Does this only happen with area names?

It is using the phone. Every other feature works as normal.


Please add passkeys aswell this year.
For everybody’ safety.

thanks man, I now installed both addons (whisper/piper). And the integration wyoming - mic icon shows up :wink:
I guess at the moment only english is possible. If you have a entity like: “Kinderzimmer Licht” + (cmd: on / off), it seems not to work properly.

Maybe you just have to pronounce it accordingly: Kindörsimmör Lickt

Has anyone seen the work by Justin Alvey @justLV on Twitter?

Basically replacing the pcb inside a nest mini with an esp32 s3 to setup his own voice assistant!

I would imagine it has everything needed for assist

I have not crunched the numbers, I am sure others have. An ESP to replace the brains of an existing smart speaker is a great idea even if it is not close to the capability of the original hardware. It is likely to be better than it would have been a year or two ago, and will likely get better over time with newer more capable hardware and software. I am pretty sure the hardware costs of the existing smart speaker is well in access of what they are actually sold for as the speaker is a conduit to provide the manufacturer more than a profit for the hardware. I have heard it said many times when it comes to smart speakers, you are not the consumer, you are the product. We have all seen the rise and fall of products that were produced to possibly upend the industry with a privacy focused, self hosted smart speaker. Then people are disappointed when it is not as economical or capable as those devices provide by the big suppliers. It has become obvious that the days may be numbered for the existing smart speaker market in its current form as many of the big companies are realizing significant losses in revenue in this area. I think the time is right for new approaches and hardware in this area, and I trust the will, knowledge, and desire of many will shift our outlook and expectations with smart speakers. I am excited to see the new ideas and the rapid pace that has been shown within the “Year of the voice”. It may not be able to do some of the things the current smart speaker may be able to do yet, but some of those things we likely don’t need and actually don’t want.

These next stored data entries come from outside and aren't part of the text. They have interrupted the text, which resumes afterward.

(* Consider the faulty-starter delivery problem described in the context, with finisher starting position $(x,y)$, $y\ge0$, and assume $(x,y)\notin D(1,1)$, i.e. $\sqrt{(x-1)^2+y^2}\ge 1$. Let $z_1=\sqrt{(x-1)^2+y^2}$ and $$t_1=\begin{cases}1-\dfrac{3y}{4} & \text{if } x=1,\\[2mm] \dfrac{x^2+y^2+z_1(1-x)-1-z_1\sqrt{x(x+z_1-2)+y^2-z_1+1}}{2(x-1)} & \text{otherwise.}\end{cases}$$ Then the competitive ratio of $\mathcal{A}_1$ equals $\mathrm{CR}_{\mathcal{A}_1}(\max\{t_1,0\})$, where $\mathrm{CR}_{\mathcal{A}_1}(t)=\dfrac{\sqrt{(x-1)^2+y^2}+2(1-t)}{\max\{1,\sqrt{(x-t)^2+y^2}+1-t\}}$.
   Context: Setting. In the plane let $S=(0,0)$ and $T=(1,0)$. A "starter" drone carrying a package starts at $S$ at time $0$ and moves at unit speed along $\overline{ST}$ towards $T$. At an unknown time $t\in[0,1]$ it fails and stays forever at $(t,0)$ with the package. A "finisher" drone starts at time $0$ at $P=(x,y)$ with $y\ge0$, moves at unit speed and can stop and turn instantaneously. The package can be handed over only when the drones are co-located; it is delivered at the first time the finisher, carrying the package, is at $T$. An online algorithm $\mathcal{A}$ specifies the finisher's trajectory using only $(x,y)$; $A(t)$ is its delivery time for fail time $t$. $\mathrm{Opt}(t)=\max\{1,\sqrt{(x-t)^2+y^2}+1-t\}$ is the optimal offline delivery time. $\mathrm{CR}_{\mathcal{A}}(t)=A(t)/\mathrm{Opt}(t)$ and $\mathrm{CR}_{\mathcal{A}}=\sup_{0\le t\le1}\mathrm{CR}_{\mathcal{A}}(t)$. $D(c,r)$ denotes the open disk of radius $r$ centered at $(c,0)$. Algorithm $\mathcal{A}_1$: the finisher goes straight to $T$, then moves along the segment towards $S$ until it finds the package, then returns to $T$; its delivery time is $A_1(t)=\sqrt{(x-1)^2+y^2}+2(1-t)$. *)

theory Defs
  imports "HOL-Analysis.Analysis"
begin

text \<open>Optimal offline delivery time for fail time t, finisher start (x,y).\<close>
definition Opt :: "real \<Rightarrow> real \<Rightarrow> real \<Rightarrow> real" where
  "Opt x y t = max 1 (sqrt ((x - t)^2 + y^2) + 1 - t)"

definition A1 :: "real \<Rightarrow> real \<Rightarrow> real \<Rightarrow> real" where
  "A1 x y t = sqrt ((x - 1)^2 + y^2) + 2 * (1 - t)"

definition CR_A1_at :: "real \<Rightarrow> real \<Rightarrow> real \<Rightarrow> real" where
  "CR_A1_at x y t = A1 x y t / Opt x y t"

definition CR_A1 :: "real \<Rightarrow> real \<Rightarrow> real" where
  "CR_A1 x y = (SUP t\<in>{0..1}. CR_A1_at x y t)"

definition t1 :: "real \<Rightarrow> real \<Rightarrow> real" where
  "t1 x y = (let z1 = sqrt ((x - 1)^2 + y^2) in
     if x = 1 then 1 - 3 * y / 4
     else (x^2 + y^2 + z1 * (1 - x) - 1 - z1 * sqrt (x * (x + z1 - 2) + y^2 - z1 + 1))
          / (2 * (x - 1)))"

end

theory Submission
  imports Defs
begin

(* Outside D(1,1) the triangle inequality gives Opt(t) = d(t) + 1 - t, where d(t) is the
   distance from (x,y) to (t,0). Because d is convex, its tangent line at m bounds it from
   below, and this turns the sign of the derivative of CR_A1_at at m into a global statement:
   if the descent term D(m) satisfies D(m) (t - m) >= 0 then CR_A1_at t <= CR_A1_at m.
   The point t1 is an explicit root of D with t1 <= 1. When t1 <= 0, concavity of D together
   with D(1) >= 0 gives D(0) >= 0. So m = max t1 0 maximises CR_A1_at on [0,1]. *)

lemma sqrt_sum_squares_eq_dist:
  fixes x y t :: real
  shows "sqrt ((x - t)^2 + y^2) = dist (x, y) (t, 0)"
  by (simp add: dist_Pair_Pair dist_real_def)

lemma sqrt_sum_squares_triangle:
  fixes x y t :: real
  assumes "t \<le> 1"
  shows "sqrt ((x - 1)^2 + y^2) \<le> sqrt ((x - t)^2 + y^2) + (1 - t)"
  using dist_triangle[of "(x, y)" "(1, 0)" "(t, 0)"] assms
  by (simp add: dist_Pair_Pair dist_real_def)

lemma sqrt_sum_squares_mult_ge:
  fixes p q y :: real
  shows "p * q + y^2 \<le> sqrt (p^2 + y^2) * sqrt (q^2 + y^2)"
  using norm_cauchy_schwarz[of "(p, y)" "(q, y)"] by (simp add: norm_Pair power2_eq_square)

lemma convex_on_sqrt_sum_squares:
  fixes x y :: real
  shows "convex_on UNIV (\<lambda>m. sqrt ((x - m)^2 + y^2))"
proof (rule convex_onI)
  fix u p q :: real
  assume "0 < u" "u < 1"
  then have "dist (x, y) ((1 - u) *\<^sub>R (p, 0) + u *\<^sub>R (q, 0))
      \<le> (1 - u) * dist (x, y) (p, 0) + u * dist (x, y) (q, 0)"
    using convex_onD[OF convex_on_dist[OF convex_UNIV, of "(x, y)"], of u "(p, 0)" "(q, 0)"] by simp
  then show "sqrt ((x - ((1 - u) *\<^sub>R p + u *\<^sub>R q))^2 + y^2)
      \<le> (1 - u) * sqrt ((x - p)^2 + y^2) + u * sqrt ((x - q)^2 + y^2)"
    by (simp add: sqrt_sum_squares_eq_dist)
qed simp

lemma sqrt_diff_divide_nonneg:
  fixes R c a k :: real
  assumes "R \<ge> 0" "R^2 = c^2 + a * k" "k \<ge> 0" "a < 0 \<Longrightarrow> c \<ge> 0"
  shows "(R - c) / a \<ge> 0"
proof (cases a "0::real" rule: linorder_cases)
  case less
  then have "R^2 \<le> c^2" using assms(2,3) by (simp add: mult_nonpos_nonneg)
  then have "R \<le> c" using assms(4)[OF less] by (rule power2_le_imp_le)
  then show ?thesis using less by (simp add: divide_nonpos_neg)
next
  case greater
  then have "c^2 \<le> R^2" using assms(2,3) by simp
  then have "\<bar>c\<bar> \<le> R" using assms(1) by (metis abs_le_square_iff abs_of_nonneg)
  then show ?thesis using greater by simp
qed simp

(* With a = x - 1, the value w below is x - t1 x y. *)
lemma explicit_root_sqrt_equation:
  fixes a y :: real
  assumes "a \<noteq> 0"
  defines "z \<equiv> sqrt (a^2 + y^2)"
  defines "R \<equiv> sqrt (z * (z + a))"
  defines "w \<equiv> ((z + a) * (2 * a - z) + z * R) / (2 * a)"
  shows "a \<le> w" and "z * sqrt (w^2 + y^2) = 2 * y^2 + (2 * a - z) * w"
proof -
  have z2: "z^2 = a^2 + y^2" unfolding z_def by simp
  have za: "\<bar>a\<bar> \<le> z" unfolding z_def by (simp add: real_le_rsqrt)
  have R0: "R \<ge> 0" and R2: "R^2 = z * (z + a)" using za unfolding R_def by auto
  have "R^2 = (z - a)^2 + a * (3 * z - a)"
    unfolding R2 by (simp add: power2_eq_square algebra_simps)
  then have "(R - (z - a)) / a \<ge> 0"
    using za by (intro sqrt_diff_divide_nonneg[OF R0]) auto
  then have "0 \<le> z * ((R - (z - a)) / a) / 2"
    using za by (metis abs_ge_zero divide_nonneg_pos mult_nonneg_nonneg order_trans zero_less_numeral)
  also have "\<dots> = w - a"
    unfolding w_def using assms(1) by (simp add: field_simps power2_eq_square)
  finally show "a \<le> w" by simp
  define D where "D = R * ((R - (z - 2 * a)) / a) / 2"
  have "R^2 = (z - 2 * a)^2 + a * (5 * z - 4 * a)"
    unfolding R2 by (simp add: power2_eq_square algebra_simps)
  then have "(R - (z - 2 * a)) / a \<ge> 0"
    using za by (intro sqrt_diff_divide_nonneg[OF R0]) auto
  then have D0: "D \<ge> 0"
    unfolding D_def using R0 by (metis divide_nonneg_pos mult_nonneg_nonneg zero_less_numeral)
  have "(R * (R + 2 * a - z))^2 = ((z + a) * (2 * a - z) + z * R)^2 + (2 * a)^2 * y^2"
    using R2 z2 by algebra
  then have "D^2 = w^2 + y^2"
    unfolding D_def w_def using assms(1) by (simp add: field_simps power2_eq_square)
  then have sqrt_eq: "sqrt (w^2 + y^2) = D" using D0 by (metis real_sqrt_abs abs_of_nonneg)
  have "z * (R * (R + 2 * a - z)) = 2 * a * (2 * y^2) + (2 * a - z) * ((z + a) * (2 * a - z) + z * R)"
    using R2 z2 by algebra
  then have "z * D = 2 * y^2 + (2 * a - z) * w"
    unfolding D_def w_def using assms(1) by (simp add: field_simps)
  then show "z * sqrt (w^2 + y^2) = 2 * y^2 + (2 * a - z) * w"
    unfolding sqrt_eq .
qed

lemma Opt_eq_far_from_T:
  fixes x y t :: real
  assumes "sqrt ((x - 1)^2 + y^2) \<ge> 1" "t \<le> 1"
  shows "Opt x y t = sqrt ((x - t)^2 + y^2) + 1 - t"
  using sqrt_sum_squares_triangle[OF assms(2), of x y] assms(1) unfolding Opt_def by linarith

(* Up to the positive factor sqrt ((x - m)^2 + y^2) * (Opt x y m)^2, this is minus the
   derivative of CR_A1_at x y at m, when Opt x y m is given by the second branch of its max. *)
definition CR_A1_descent :: "real \<Rightarrow> real \<Rightarrow> real \<Rightarrow> real" where
  "CR_A1_descent x y m = 2 * y^2 + (2 * (x - 1) - sqrt ((x - 1)^2 + y^2)) * (x - m)
     - sqrt ((x - 1)^2 + y^2) * sqrt ((x - m)^2 + y^2)"

lemma concave_on_CR_A1_descent: "concave_on UNIV (CR_A1_descent x y)"
  unfolding concave_on_def
proof (rule convex_onI)
  fix u p q :: real
  assume "0 < u" "u < 1"
  define z where "z = sqrt ((x - 1)^2 + y^2)"
  have "z * sqrt ((x - ((1 - u) *\<^sub>R p + u *\<^sub>R q))^2 + y^2)
      \<le> z * ((1 - u) * sqrt ((x - p)^2 + y^2) + u * sqrt ((x - q)^2 + y^2))"
    using convex_onD[OF convex_on_sqrt_sum_squares, of u p q x y] \<open>0 < u\<close> \<open>u < 1\<close>
    unfolding z_def by (intro mult_left_mono) auto
  then show "- CR_A1_descent x y ((1 - u) *\<^sub>R p + u *\<^sub>R q)
      \<le> (1 - u) * - CR_A1_descent x y p + u * - CR_A1_descent x y q"
    unfolding CR_A1_descent_def z_def[symmetric] by (simp add: algebra_simps)
qed simp

lemma CR_A1_descent_1_nonneg: "CR_A1_descent x y 1 \<ge> 0"
proof -
  define z where "z = sqrt ((x - 1)^2 + y^2)"
  have "\<bar>x - 1\<bar> \<le> z" unfolding z_def by (simp add: real_le_rsqrt)
  moreover have "z^2 = (x - 1)^2 + y^2" unfolding z_def by simp
  then have "CR_A1_descent x y 1 = z * (z - (x - 1))"
    unfolding CR_A1_descent_def z_def[symmetric] by (simp add: power2_eq_square algebra_simps)
  ultimately show ?thesis by simp
qed

lemma CR_A1_at_le_of_descent:
  fixes x y m t :: real
  assumes far: "sqrt ((x - 1)^2 + y^2) \<ge> 1" and "m \<le> 1" "t \<le> 1"
    and descent: "CR_A1_descent x y m * (t - m) \<ge> 0"
  shows "CR_A1_at x y t \<le> CR_A1_at x y m"
proof -
  define z d e where "z = sqrt ((x - 1)^2 + y^2)"
    and "d = sqrt ((x - t)^2 + y^2)" and "e = sqrt ((x - m)^2 + y^2)"
  have "(z + 2 * (1 - t)) * (e + 1 - m) \<le> (z + 2 * (1 - m)) * (d + 1 - t)"
  proof (cases "e = 0")
    case True
    then have "x = m" "y = 0" unfolding e_def by (simp_all add: add_nonneg_eq_0_iff)
    then have z_eq: "z = 1 - m" and d_eq: "d = \<bar>m - t\<bar>"
      using \<open>m \<le> 1\<close> unfolding z_def d_def by simp_all
    have "(1 - m) * (3 - m - 2 * t) \<le> (1 - m) * (3 * (\<bar>m - t\<bar> + 1 - t))"
      using \<open>m \<le> 1\<close> by (intro mult_left_mono) (auto simp: abs_if)
    then show ?thesis unfolding z_eq d_eq \<open>e = 0\<close> by (simp add: algebra_simps)
  next
    case False
    moreover have "e \<ge> 0" unfolding e_def by simp
    ultimately have "e > 0" by simp
    txt \<open>The tangent line of d at m, scaled by e, is a lower bound of e * d.\<close>
    have "(z + 2 * (1 - m)) * ((x - t) * (x - m) + y^2) \<le> (z + 2 * (1 - m)) * (d * e)"
      using sqrt_sum_squares_mult_ge[of "x - t" "x - m" y] \<open>m \<le> 1\<close>
      unfolding z_def d_def e_def by (intro mult_left_mono) auto
    moreover have "e^2 = (x - m)^2 + y^2" unfolding e_def by simp
    then have "(z + 2 * (1 - m)) * ((x - t) * (x - m) + y^2) + e * (z + 2 * (1 - m)) * (1 - t)
        - e * (z + 2 * (1 - t)) * (e + 1 - m) = CR_A1_descent x y m * (t - m)"
      unfolding CR_A1_descent_def z_def[symmetric] e_def[symmetric] by algebra
    ultimately have "e * ((z + 2 * (1 - m)) * (d + 1 - t) - (z + 2 * (1 - t)) * (e + 1 - m)) \<ge> 0"
      using descent by (simp add: algebra_simps)
    then show ?thesis using \<open>e > 0\<close> by (simp add: zero_le_mult_iff)
  qed
  moreover have "Opt x y t = d + 1 - t" "Opt x y m = e + 1 - m"
    using Opt_eq_far_from_T[OF far] assms(2,3) unfolding d_def e_def by auto
  moreover have "Opt x y t \<ge> 1" "Opt x y m \<ge> 1" unfolding Opt_def by simp_all
  ultimately show ?thesis
    unfolding CR_A1_at_def A1_def z_def[symmetric] by (simp add: divide_simps)
qed

lemma t1_critical:
  fixes x y :: real
  assumes "y \<ge> 0"
  shows "t1 x y \<le> 1 \<and> CR_A1_descent x y (t1 x y) = 0"
proof (cases "x = 1")
  case True
  have offset: "x - t1 x y = 3 * y / 4" using True unfolding t1_def by simp
  have "(3 * y / 4)^2 + y^2 = (5 * y / 4)^2" by (simp add: power2_eq_square)
  then have "sqrt ((3 * y / 4)^2 + y^2) = 5 * y / 4" using assms by simp
  then have "CR_A1_descent x y (t1 x y) = 0"
    unfolding CR_A1_descent_def offset using True assms by (simp add: power2_eq_square)
  moreover have "t1 x y \<le> 1" using offset True assms by simp
  ultimately show ?thesis by simp
next
  case False
  define a z R w where "a = x - 1" and "z = sqrt (a^2 + y^2)" and "R = sqrt (z * (z + a))"
    and "w = ((z + a) * (2 * a - z) + z * R) / (2 * a)"
  have "a \<noteq> 0" using False unfolding a_def by simp
  have root: "a \<le> w" "z * sqrt (w^2 + y^2) = 2 * y^2 + (2 * a - z) * w"
    using explicit_root_sqrt_equation[OF \<open>a \<noteq> 0\<close>, of y] unfolding z_def R_def w_def by simp_all
  have z2: "z^2 = a^2 + y^2" unfolding z_def by simp
  have "x * (x + z - 2) + y^2 - z + 1 = z * (z + a)"
    using z2 unfolding a_def by (simp add: power2_eq_square algebra_simps)
  then have "t1 x y = (x^2 + y^2 + z * (1 - x) - 1 - z * R) / (2 * a)"
    unfolding t1_def Let_def a_def z_def R_def using False by simp
  also have "\<dots> = x - w"
    using z2 \<open>a \<noteq> 0\<close> unfolding w_def a_def by (simp add: field_simps power2_eq_square)
  finally have t1_eq: "t1 x y = x - w" .
  have "t1 x y \<le> 1" using root(1) unfolding t1_eq a_def by simp
  moreover have "CR_A1_descent x y (t1 x y) = 0"
    using root(2) unfolding CR_A1_descent_def t1_eq a_def[symmetric] z_def[symmetric] by simp
  ultimately show ?thesis ..
qed

theorem theorem2:
  fixes x y :: real
  assumes "y \<ge> 0"
    and "sqrt ((x - 1)^2 + y^2) \<ge> 1"
  shows "CR_A1 x y = CR_A1_at x y (max (t1 x y) 0)"
proof -
  define m where "m = max (t1 x y) 0"
  have m: "0 \<le> m" "m \<le> 1" using t1_critical[OF assms(1)] unfolding m_def by auto
  have "CR_A1_descent x y m * (t - m) \<ge> 0" if "t \<ge> 0" for t
  proof (cases "t1 x y > 0")
    case True
    then show ?thesis using t1_critical[OF assms(1)] unfolding m_def by simp
  next
    case False
    have "concave_on {t1 x y..1} (CR_A1_descent x y)"
      using concave_on_CR_A1_descent unfolding concave_on_def by (rule convex_on_subset) auto
    then have "CR_A1_descent x y 0 \<ge> min (CR_A1_descent x y (t1 x y)) (CR_A1_descent x y 1)"
      using False by (intro concave_on_ge_min) auto
    then show ?thesis
      using False that t1_critical[OF assms(1)] CR_A1_descent_1_nonneg[of x y] unfolding m_def by simp
  qed
  then have "CR_A1_at x y t \<le> CR_A1_at x y m" if "t \<in> {0..1}" for t
    using that m by (intro CR_A1_at_le_of_descent[OF assms(2)]) auto
  then have "CR_A1 x y = CR_A1_at x y m"
    unfolding CR_A1_def using m by (intro cSup_eq_maximum) auto
  then show ?thesis unfolding m_def .
qed

end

I’d like to see Bluetooth integration extended to support bluetooth headset profiles: A2DP (and aptX), AVRCP. There are plenty of smart speakers and other devices with speakers and microphones that could be extremely helpful in voice integration. Exposing raw messaging over a BT serial port profile (SPP) could also enable an entire class of integrations for bluetooth devices - like the various pixel speaker displays. Eventually it could be extended into protocol/device definitions like with the passive BLE sensors. And lots of it can be punted down to the OS layer with bluez.

It’s not directly related, but it’s close enough that I think it deserves attention.

For using piper/whisper locally, do you still need “https” to work?

Not when using Android.

I don’t get, why nobody is saying it: it is a browser limitation, not a HA limitation.

All modern browsers force you to use https, if you want to use the microphone of your computer, started from a website.

All other ways, like the companion app under Android do work with http (no ‘s’) while using the mic. If you don’t use a mic, you can work with http only. :slight_smile:

I remembered someone connected Assist to his Google devices like a Google Home Mini, saying the phrase ‘Hey Google, Assist’ and then Assist could be used by voice via the Google servers. I am waiting for this function, is this still something that is going live sometime soon? Thanks in advance, just updated to Nabu Casa, keep up the good work!!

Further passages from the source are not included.